See, I lost my map, and the indigenous lifeforms aren't all that helpful with directions, and that gay pirate matre'd won't tell me where I need to be.
I did some blog-cleaning this morning. After The Three S's, my morning ritual, I sit down with a big glass of iced tea and whatever junk I might want for breakfast, and I surf a series of blogs that I follow with regularity. This morning I did the same, but with a twist--I did a little deep thought on what I was not all that impressed with anymore and erased them from my Favourites list, thereby freeing up some time in the am for me to...well, to blog, actually. There's now about 6 that I go to regularly, since they have content that interests me, or because they update with a fair regularity. The rest? Kicked to the curb.
The one that held position tho it hasn't been updated since sometime in March? William Gibson's blog. It must be nice being a writer of the caliber of William Gibson. Old boy stops blogging, I assume long enough to write another book, and his blog traffic still stays up in the thousands of hits a day, mostly because of fanboys like myself who check there every morning for another post, like a crack addict looking for that one dirty little rock that he knows fell under the couch cushions last year.
Sad I know, but at least I admit to it, and admitting you have a problem is half the battle, right?
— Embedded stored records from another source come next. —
(* Let $A$ be a store with sequence number $s_A$ performed by thread $i$, represented by a node of an acyclic modification order graph $G$. Then $U_i(CV_A) = U_i(\perp_{CV_A}) = s_A$ holds throughout each execution that terminates, where $U_i$ denotes the $i$-th component of a clock vector.
   Context: An execution is a sequence of events performed by threads. Each event $E$ has a thread id $t_E$ and a unique sequence number $s_E$ taken from a global counter that is incremented by one at every event, so sequence numbers strictly increase along the execution. A clock vector is a function from thread ids to natural numbers, with $(CV_1 \cup CV_2)(t) = \max(CV_1(t), CV_2(t))$ and $CV_1 \le CV_2$ iff $CV_1(t) \le CV_2(t)$ for all $t$; $U_i(CV) = CV(i)$. The modification order graph (mo-graph) has one node for each atomic store or atomic read-modify-write (RMW) executed so far; edges only connect nodes accessing the same memory location, and mo edges are added to it during the execution according to the C/C++ modification-order (coherence) constraints, so that the modification order it represents is consistent with the sequenced-before order of each thread. Each node $X$ stores a thread id $X.tid$, a set $X.edges$ of successor nodes (its outgoing mo edges), a field $X.rmw$ (a node or null), and a clock vector $X.cv$, also written $CV_X$. When the node for a store $A$ is created, its clock vector is $\perp_{CV_A} = \lambda t.\ (s_A \text{ if } t = t_A \text{ else } 0)$. Edges are added only by the following procedures. Merge(dst, src): if $src.cv \le dst.cv$ return false; otherwise set $dst.cv := dst.cv \cup src.cv$ and return true. AddEdge(from, to): let mustAdd be true iff ($from.rmw = to$ or $from.tid = to.tid$). If $from.cv \le to.cv$ and not mustAdd, return. While $from.rmw \ne$ null: let $next := from.rmw$; if $next = to$ stop the loop; otherwise $from := next$. Add $to$ to $from.edges$. If Merge(to, from) returns true, then let $Q := \{to\}$ and while $Q$ is nonempty remove a node $node$ from $Q$ and for each $dst \in node.edges$, if Merge(dst, node) returns true add $dst$ to $Q$. AddRMWEdge(from, rmw): set $from.rmw := rmw$; for each $dst \in from.edges$ with $dst \ne rmw$ add $dst$ to $rmw.edges$; set $from.edges := \emptyset$; call AddEdge(from, rmw). *)

theory Defs
  imports Main
begin

type_synonym cvec = "nat \<Rightarrow> nat"

definition cv_le :: "cvec \<Rightarrow> cvec \<Rightarrow> bool" where
  "cv_le a b \<longleftrightarrow> (\<forall>t. a t \<le> b t)"

definition cv_union :: "cvec \<Rightarrow> cvec \<Rightarrow> cvec" where
  "cv_union a b = (\<lambda>t. max (a t) (b t))"

text \<open>Initial clock vector of a store with thread id t and sequence number s.\<close>
definition bot_cv :: "nat \<Rightarrow> nat \<Rightarrow> cvec" where
  "bot_cv t s = (\<lambda>u. if u = t then s else 0)"

record mo_state =
  ctr   :: nat                   \<comment> \<open>global event counter (last sequence number used)\<close>
  nds   :: "nat set"
  tid   :: "nat \<Rightarrow> nat"
  sq    :: "nat \<Rightarrow> nat"
  loc   :: "nat \<Rightarrow> nat"
  edges :: "nat \<Rightarrow> nat set"
  rmw   :: "nat \<Rightarrow> nat option"  \<comment> \<open>None = null\<close>
  cv    :: "nat \<Rightarrow> cvec"

definition merge :: "mo_state \<Rightarrow> nat \<Rightarrow> nat \<Rightarrow> bool \<times> mo_state" where
  "merge s dst src =
     (if cv_le (cv s src) (cv s dst) then (False, s)
      else (True, s\<lparr>cv := (cv s)(dst := cv_union (cv s dst) (cv s src))\<rparr>))"

text \<open>Inner for-loop of the propagation: iterate (in any order) over the set D of
  remaining successors of node, with worklist Q.\<close>
inductive prop_inner :: "mo_state \<Rightarrow> nat \<Rightarrow> nat set \<Rightarrow> nat set \<Rightarrow> mo_state \<Rightarrow> nat set \<Rightarrow> bool" where
  pi_done: "prop_inner s node {} Q s Q"
| pi_step: "\<lbrakk> dst \<in> D; merge s dst node = (b, s1);
             prop_inner s1 node (D - {dst}) (if b then insert dst Q else Q) s' Q' \<rbrakk>
           \<Longrightarrow> prop_inner s node D Q s' Q'"

inductive propagate :: "mo_state \<Rightarrow> nat set \<Rightarrow> mo_state \<Rightarrow> bool" where
  pr_done: "propagate s {} s"
| pr_step: "\<lbrakk> node \<in> Q; prop_inner s node (edges s node) (Q - {node}) s1 Q1;
             propagate s1 Q1 s2 \<rbrakk> \<Longrightarrow> propagate s Q s2"

text \<open>The loop following rmw pointers: rmw_chain s from to c means the loop, started
  at from, ends with from := c.\<close>
inductive rmw_chain :: "mo_state \<Rightarrow> nat \<Rightarrow> nat \<Rightarrow> nat \<Rightarrow> bool" where
  rc_null: "rmw s x = None \<Longrightarrow> rmw_chain s x to x"
| rc_hit:  "rmw s x = Some to \<Longrightarrow> rmw_chain s x to x"
| rc_next: "\<lbrakk> rmw s x = Some n; n \<noteq> to; rmw_chain s n to c \<rbrakk> \<Longrightarrow> rmw_chain s x to c"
The other half is keeping the rest of the world from knowing you have a problem.
Boy, I've sure blown that one, haven't I.
You know what really interests me? We discussed this a little bit yesterday. People's ability to fool themselves. Being the flip side of being able to mentally fool ourselves to help is the ability to fool ourselves to either hinder or, perhaps, lead to total destruction.
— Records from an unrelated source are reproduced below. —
section \<open>Eigenvalues and quadratic forms\<close>

lemma eigenvalue_Re_quad_form:
  assumes A: "A \<in> carrier_mat n n" and ev: "eigenvalue (map_mat complex_of_real A) \<mu>"
  obtains a b where "\<exists>i<n. a i \<noteq> 0 \<or> b i \<noteq> 0"
    and "quad_form A a + quad_form A b = Re \<mu> * (sum_squares n a + sum_squares n b)"
proof -
  obtain v where v: "v \<in> carrier_vec n" "v \<noteq> 0\<^sub>v n" "map_mat complex_of_real A *\<^sub>v v = \<mu> \<cdot>\<^sub>v v"
    using ev A unfolding eigenvalue_def eigenvector_def by auto
  define a where "a i = Re (v $ i)" for i
  define b where "b i = Im (v $ i)" for i
  have row: "(\<Sum>j<n. complex_of_real (A $$ (i, j)) * v $ j) = \<mu> * v $ i" if "i < n" for i
    using arg_cong[OF v(3), of "\<lambda>w. w $ i"] that A v(1)
    by (simp add: mult_mat_vec_def scalar_prod_def row_def lessThan_atLeast0)
  have Re_form: "Re (cnj z * (complex_of_real r * w)) = Re z * r * Re w + Im z * r * Im w" for z w r
    by simp
  have Re_eig: "Re (cnj z * (\<mu> * z)) = Re \<mu> * ((Re z)\<^sup>2 + (Im z)\<^sup>2)" for z
    by (simp add: algebra_simps power2_eq_square)
  (* both sides are the real part of the Hermitian form v^* A v *)
  have "quad_form A a + quad_form A b
      = (\<Sum>i<n. \<Sum>j<n. Re (cnj (v $ i) * (complex_of_real (A $$ (i, j)) * v $ j)))"
    using A unfolding quad_form_def Re_form a_def b_def by (simp add: sum.distrib)
  also have "\<dots> = Re (\<Sum>i<n. cnj (v $ i) * (\<Sum>j<n. complex_of_real (A $$ (i, j)) * v $ j))"
    by (simp only: Re_sum sum_distrib_left)
  also have "\<dots> = Re (\<Sum>i<n. cnj (v $ i) * (\<mu> * v $ i))"
    by (simp add: row)
  also have "\<dots> = Re \<mu> * (sum_squares n a + sum_squares n b)"
    unfolding Re_sum Re_eig sum_squares_def a_def b_def by (simp only: sum.distrib[symmetric] sum_distrib_left)
  finally have "quad_form A a + quad_form A b = Re \<mu> * (sum_squares n a + sum_squares n b)" .
  moreover have "\<exists>i<n. a i \<noteq> 0 \<or> b i \<noteq> 0"
  proof (rule ccontr)
    assume "\<not> ?thesis"
    hence "v = 0\<^sub>v n"
      using v(1) unfolding a_def b_def by (intro eq_vecI) (auto simp: complex_eq_iff)
    thus False
      using v(2) by simp
  qed
  ultimately show ?thesis
    using that by blast
qed

lemma spec_Re_neg_imp_quad_form_neg:
  assumes A: "A \<in> carrier_mat n n" and "\<mu> \<in> spec A" and "Re \<mu> < 0"
  shows "\<exists>x. quad_form A x < 0"
proof -
  obtain a b where nz: "\<exists>i<n. a i \<noteq> 0 \<or> b i \<noteq> 0"
    and eq: "quad_form A a + quad_form A b = Re \<mu> * (sum_squares n a + sum_squares n b)"
    using eigenvalue_Re_quad_form[OF A] assms(2) unfolding spec_def by blast
  have "0 < sum_squares n a + sum_squares n b"
    using nz sum_squares_nonneg[of n a] sum_squares_nonneg[of n b] sum_squares_eq_0_iff
    by (metis add_nonneg_nonneg add_nonneg_eq_0_iff order_less_le)
  hence "quad_form A a + quad_form A b < 0"
    using eq assms(3) by (simp add: mult_neg_pos)
  hence "quad_form A a < 0 \<or> quad_form A b < 0"
    by linarith
  thus ?thesis
    by auto
qed

lemma neg_def_imp_spec_Re_neg:
  assumes A: "A \<in> carrier_mat n n" and nd: "neg_def A" and "\<mu> \<in> spec A"
  shows "Re \<mu> < 0"
proof -
  obtain a b where nz: "\<exists>i<n. a i \<noteq> 0 \<or> b i \<noteq> 0"
    and eq: "quad_form A a + quad_form A b = Re \<mu> * (sum_squares n a + sum_squares n b)"
    using eigenvalue_Re_quad_form[OF A] assms(3) unfolding spec_def by blast
  have "quad_form A a + quad_form A b < 0"
    using nz neg_defD[OF A nd] neg_def_quad_form_nonpos[OF A nd]
    by (meson add_neg_nonpos add_nonpos_neg)
  moreover have "0 \<le> sum_squares n a + sum_squares n b"
    by (simp add: sum_squares_nonneg)
  ultimately show ?thesis
    using eq by (metis mult_nonneg_nonneg not_less)
qed

lemma spec_eq_spectrum: "spec A = spectrum (map_mat complex_of_real A)"
  unfolding spec_def spectrum_def by simp

lemma finite_lam: "A \<in> carrier_mat n n \<Longrightarrow> finite (lam A)"
  unfolding lam_def spec_eq_spectrum by (simp add: card_finite_spectrum(1))

lemma lam_nonempty: "A \<in> carrier_mat n n \<Longrightarrow> 0 < n \<Longrightarrow> lam A \<noteq> {}"
  unfolding lam_def spec_eq_spectrum using spectrum_non_empty[of "map_mat complex_of_real A" n] by simp

lemma max_lam_neg_iff:
  assumes "A \<in> carrier_mat n n" and "0 < n"
  shows "max_lam A < 0 \<longleftrightarrow> (\<forall>\<mu>\<in>spec A. Re \<mu> < 0)"
  unfolding max_lam_def using finite_lam[OF assms(1)] lam_nonempty[OF assms] by (simp add: lam_def)

lemma min_lam_neg_iff:
  assumes "A \<in> carrier_mat n n" and "0 < n"
  shows "min_lam A < 0 \<longleftrightarrow> (\<exists>\<mu>\<in>spec A. Re \<mu> < 0)"
  unfolding min_lam_def using finite_lam[OF assms(1)] lam_nonempty[OF assms] by (simp add: lam_def Min_less_iff)

lemma max_lam_neg_imp_min_lam_neg:
  assumes "A \<in> carrier_mat n n" and "0 < n" and "max_lam A < 0"
  shows "min_lam A < 0"
  using assms(3) finite_lam[OF assms(1)] lam_nonempty[OF assms(1,2)] unfolding min_lam_def max_lam_def
  by (meson Max_ge Min_in le_less_trans)

lemma neg_def_imp_max_lam_neg:
  assumes "A \<in> carrier_mat n n" and "0 < n" and "neg_def A"
  shows "max_lam A < 0"
  using neg_def_imp_spec_Re_neg[OF assms(1,3)] max_lam_neg_iff[OF assms(1,2)] by blast

lemma min_lam_neg_imp_quad_form_neg:
  assumes "A \<in> carrier_mat n n" and "0 < n" and "min_lam A < 0"
  shows "\<exists>x. quad_form A x < 0"
  using spec_Re_neg_imp_quad_form_neg[OF assms(1)] min_lam_neg_iff[OF assms(1,2)] assms(3) by blast

lemma lam_upper_triangular:
  assumes A: "A \<in> carrier_mat n n" and ut: "upper_triangular A"
  shows "lam A = set (diag_mat A)"
proof -
  let ?C = "map_mat complex_of_real A"
  have C: "?C \<in> carrier_mat n n" and ut_C: "upper_triangular ?C"
    using A ut unfolding upper_triangular_def by auto
  have "spec A = set (diag_mat ?C)"
    unfolding spec_def eigenvalue_root_char_poly[OF C] char_poly_upper_triangular[OF C ut_C]
    by (auto simp: poly_prod_list prod_list_zero_iff)
  also have "diag_mat ?C = map complex_of_real (diag_mat A)"
    using A unfolding diag_mat_def by simp
  finally show ?thesis
    unfolding lam_def by (simp add: image_image)
qed

lemma quad_form_neg_imp_min_lam_sym_part_neg:
  assumes H: "H \<in> carrier_mat n n" and x: "quad_form H x < 0"
  shows "min_lam (sym_part H) < 0"
proof -
  have S: "sym_part H \<in> carrier_mat n n"
    using H unfolding sym_part_def by simp
  have "transpose_mat (sym_part H) = sym_part H"
    using H unfolding sym_part_def by (intro eq_matI) auto
  moreover have "quad_form (sym_part H) x < 0"
    using x quad_form_sym_part[OF H] by simp
  ultimately obtain m where "m < 0" and "eigenvalue (sym_part H) m"
    using symmetric_quad_form_neg_imp_neg_eigenvalue[OF S] by blast
  moreover from this have "complex_of_real m \<in> spec (sym_part H)"
    unfolding spec_def using of_real_hom.eigenvalue_hom[OF S] by simp
  moreover have "0 < n"
    using x H by (cases n) (auto simp: quad_form_def)
  ultimately show ?thesis
    using min_lam_neg_iff[OF S] by force
qed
How many people live day to day with the firm belief that they are important, that they are cared for, who in reality mean nought? Of the billions and billions of people that litter this globe, how many would have to be removed before the ripple started affecting other people? And yes, I've read Ray Bradbury's "A Sound of Thunder" about a thousand times, and while I like the idea of a butterfly's death affecting the entire outcome of the known universe the rational part of me believes that it would take a lot more than that to really make things change, and the joy of that is that even if things DID change, Mankind being a creature who only lives in one direction on the time stream could't see the changes that did or did not take place, unlike Bradbury's chrononauts, so it doesn't really matter now, does it?
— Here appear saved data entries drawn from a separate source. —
(* Let $C_n(a,b)$ be a connected $2$-regular circulant digraph, let $l\ge1$, $0\le k\le l$ with $la+k(b-a)=\omega n$ for a positive integer $\omega$, and let $Q$ be the set of positive divisors of $\gcd(l,k)$ that are coprime with $\omega$. Then $\varphi$ maps $\bigcup_{q\in Q}\mathbb{L}_2^q(l,k)\times\mathbb{Z}_n$ into $\mathcal{P}_{l,k}(C_n(a,b))$, and this map is surjective.
   Context: Let $n\ge 2$ and $0<a<b<n$ be integers with $\gcd(n,a,b)=1$. $C_n(a,b)$ has vertex set $\mathbb{Z}_n$ and directed bonds $(v,v+a)$, $(v,v+b)$ (addition mod $n$), with step sizes $a$, $b$. A path of length $l$ is a sequence of bonds $(e_1,\dots,e_l)$ with the terminus of $e_j$ equal to the origin of $e_{j+1}$; its $b$-count is the number of bonds of step size $b$; its step sequence is the sequence of step sizes; a circuit is a path whose last terminus equals its first origin. A periodic orbit is an equivalence class of circuits under cyclic rotation; it is primitive if it is not $[c_0^r]$ for a circuit $c_0$ and $r>1$ ($c_0^r$ = concatenation of $r$ copies). $\mathcal{P}_{l,k}(C_n(a,b))$ is the set of primitive periodic orbits of length $l$ and $b$-count $k$. Words over $\{a,b\}$ are ordered lexicographically with $a\prec b$; a word is Lyndon if strictly smaller than all its nontrivial cyclic rotations; $\mathbb{L}_2(l,k)$ is the set of Lyndon words of length $l$ with exactly $k$ letters $b$, and for $q\mid\gcd(l,k)$, $\mathbb{L}_2^q(l,k)=\{x^q: x\in\mathbb{L}_2(l/q,k/q)\}$. Identifying letters $a,b$ with step sizes $a,b$, $\psi(w,v)$ is the unique path starting at vertex $v$ with step sequence $w$; when it is a circuit, $\varphi(w,v)=[\psi(w,v)]$. *)

theory Defs
  imports Main
begin

text \<open>Circulant digraph C_n(a,b): vertices 0..<n (representing Z_n); a bond is a
pair (origin, terminus).  Words over {a,b} are bool lists: False = letter a,
True = letter b, so the order a < b is False < True.\<close>

definition bonds :: "nat \<Rightarrow> nat \<Rightarrow> nat \<Rightarrow> (nat \<times> nat) set" where
  "bonds n a b = {(u, (u + a) mod n) | u. u < n} \<union> {(u, (u + b) mod n) | u. u < n}"

definition is_path :: "nat \<Rightarrow> nat \<Rightarrow> nat \<Rightarrow> (nat \<times> nat) list \<Rightarrow> bool" where
  "is_path n a b p \<longleftrightarrow> set p \<subseteq> bonds n a b \<and>
     (\<forall>j. Suc j < length p \<longrightarrow> snd (p ! j) = fst (p ! Suc j))"

definition is_circuit :: "nat \<Rightarrow> nat \<Rightarrow> nat \<Rightarrow> (nat \<times> nat) list \<Rightarrow> bool" where
  "is_circuit n a b c \<longleftrightarrow> is_path n a b c \<and> c \<noteq> [] \<and> snd (last c) = fst (hd c)"

definition bcount :: "nat \<Rightarrow> nat \<Rightarrow> (nat \<times> nat) list \<Rightarrow> nat" where
  "bcount n b p = length (filter (\<lambda>e. snd e = (fst e + b) mod n) p)"

definition orbit :: "'e list \<Rightarrow> 'e list set" where
  "orbit c = {rotate i c | i. True}"

definition primitive_orbit :: "nat \<Rightarrow> nat \<Rightarrow> nat \<Rightarrow> (nat \<times> nat) list set \<Rightarrow> bool" where
  "primitive_orbit n a b Orb \<longleftrightarrow>
     \<not> (\<exists>c0 r. r > 1 \<and> is_circuit n a b c0 \<and> Orb = orbit (concat (replicate r c0)))"

definition P_orbits :: "nat \<Rightarrow> nat \<Rightarrow> nat \<Rightarrow> nat \<Rightarrow> nat \<Rightarrow> (nat \<times> nat) list set set" where
  "P_orbits n a b l k = {Orb. \<exists>c. is_circuit n a b c \<and> Orb = orbit c \<and> length c = l \<and>
       bcount n b c = k \<and> primitive_orbit n a b Orb}"

definition lyndon :: "bool list \<Rightarrow> bool" where
  "lyndon w \<longleftrightarrow> (\<forall>i. 0 < i \<and> i < length w \<longrightarrow> lexordp (<) w (rotate i w))"

definition L2 :: "nat \<Rightarrow> nat \<Rightarrow> bool list set" where
  "L2 l k = {w. length w = l \<and> count_list w True = k \<and> lyndon w}"

definition L2q :: "nat \<Rightarrow> nat \<Rightarrow> nat \<Rightarrow> bool list set" where
  "L2q q l k = {concat (replicate q x) | x. x \<in> L2 (l div q) (k div q)}"

fun psi :: "nat \<Rightarrow> nat \<Rightarrow> nat \<Rightarrow> bool list \<Rightarrow> nat \<Rightarrow> (nat \<times> nat) list" where
  "psi n a b [] v = []"
| "psi n a b (x # w) v =
     (let v' = (v + (if x then b else a)) mod n in (v, v') # psi n a b w v')"

definition varphi :: "nat \<Rightarrow> nat \<Rightarrow> nat \<Rightarrow> bool list \<Rightarrow> nat \<Rightarrow> (nat \<times> nat) list set" where
  "varphi n a b w v = orbit (psi n a b w v)"

end

theory Submission
  imports Defs "HOL-Library.List_Lexorder"
begin

(*
  Paths of C_n(a,b) from v correspond to words via psi, rotating a circuit rotates its word,
  and psi w v closes up exactly when n divides the total step length of w.  Every nonempty word
  is a rotation of a power x^p of a Lyndon word x, so every periodic orbit is varphi (x^p) v.
  Suppose p times the step length of x is \<omega> n.  If g = gcd p \<omega> > 1, then x^(p/g) already
  closes up and the orbit is the g-th power of a shorter circuit.  Conversely, if the orbit is a
  proper power [c0^r], some rotation of x^p equals z^r, where z is the word of c0: then r divides p
  because the Lyndon word x has no nontrivial rotational symmetry, and r divides \<omega> because z
  closes up.  So the orbit is primitive iff p and \<omega> are coprime.
*)

definition list_pow :: "'a list \<Rightarrow> nat \<Rightarrow> 'a list" where
  "list_pow x q = concat (replicate q x)"

lemma length_list_pow [simp]: "length (list_pow x q) = q * length x"
  unfolding list_pow_def by (induct q) auto

lemma count_list_list_pow [simp]: "count_list (list_pow x q) t = q * count_list x t"
  unfolding list_pow_def by (induct q) auto

lemma list_pow_eq_Nil_iff [simp]: "list_pow x q = [] \<longleftrightarrow> q = 0 \<or> x = []"
  unfolding list_pow_def by (induct q) auto

lemma map_list_pow: "map f (list_pow x q) = list_pow (map f x) q"
  unfolding list_pow_def by (simp add: map_concat)

lemma list_pow_mult: "list_pow x (e * g) = list_pow (list_pow x e) g"
  by (induct g) (simp_all add: list_pow_def replicate_add)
To go further, how many people think themselves into non-existance? And I don't mean Rene Descartes sits up in bed one morning and his wife asks him what he's thinking about, and he says "Nothing, really" and he dissapears in a puff of logic. No, I'm thinking about the people who, either with the basis of fact or belief suddenly believe and understand on a cellular level that they no longer mean anything to anyone. What happens then? One of two things, I would assume. 1) They die, either on the spot or sometime thereafter, in the old 'I've given up living' sort of way, or 2) which is the fantasy version, they somehow attain a sort of altered state of consciousness that propels them far beyond the scope of normal space and time, and they can freely move up and down the flow of time to right wrongs and save small children from burning buildings.
Yeah, I think #1 is it, too.
And another thing--is this how serial killers think? I wonder how many of them remove people from life with the sure and certain knowledge that the person they're removing has no effect on life?
Damn I'm dark this morning. Maybe it's the constant run-up to a huge storm that we get every afternoon, which never quite seems to arrive. It's like really needing to sneeze, and huffing and snorting right up to the moment and then...nothing. I've got too much antici---(Say it! Consti-)---pation and not enough delivery.
Nah. I'm just a dark Irrelephant with too much time on his trunk and an overactive imagination unhindered by a lot of brains and stuff.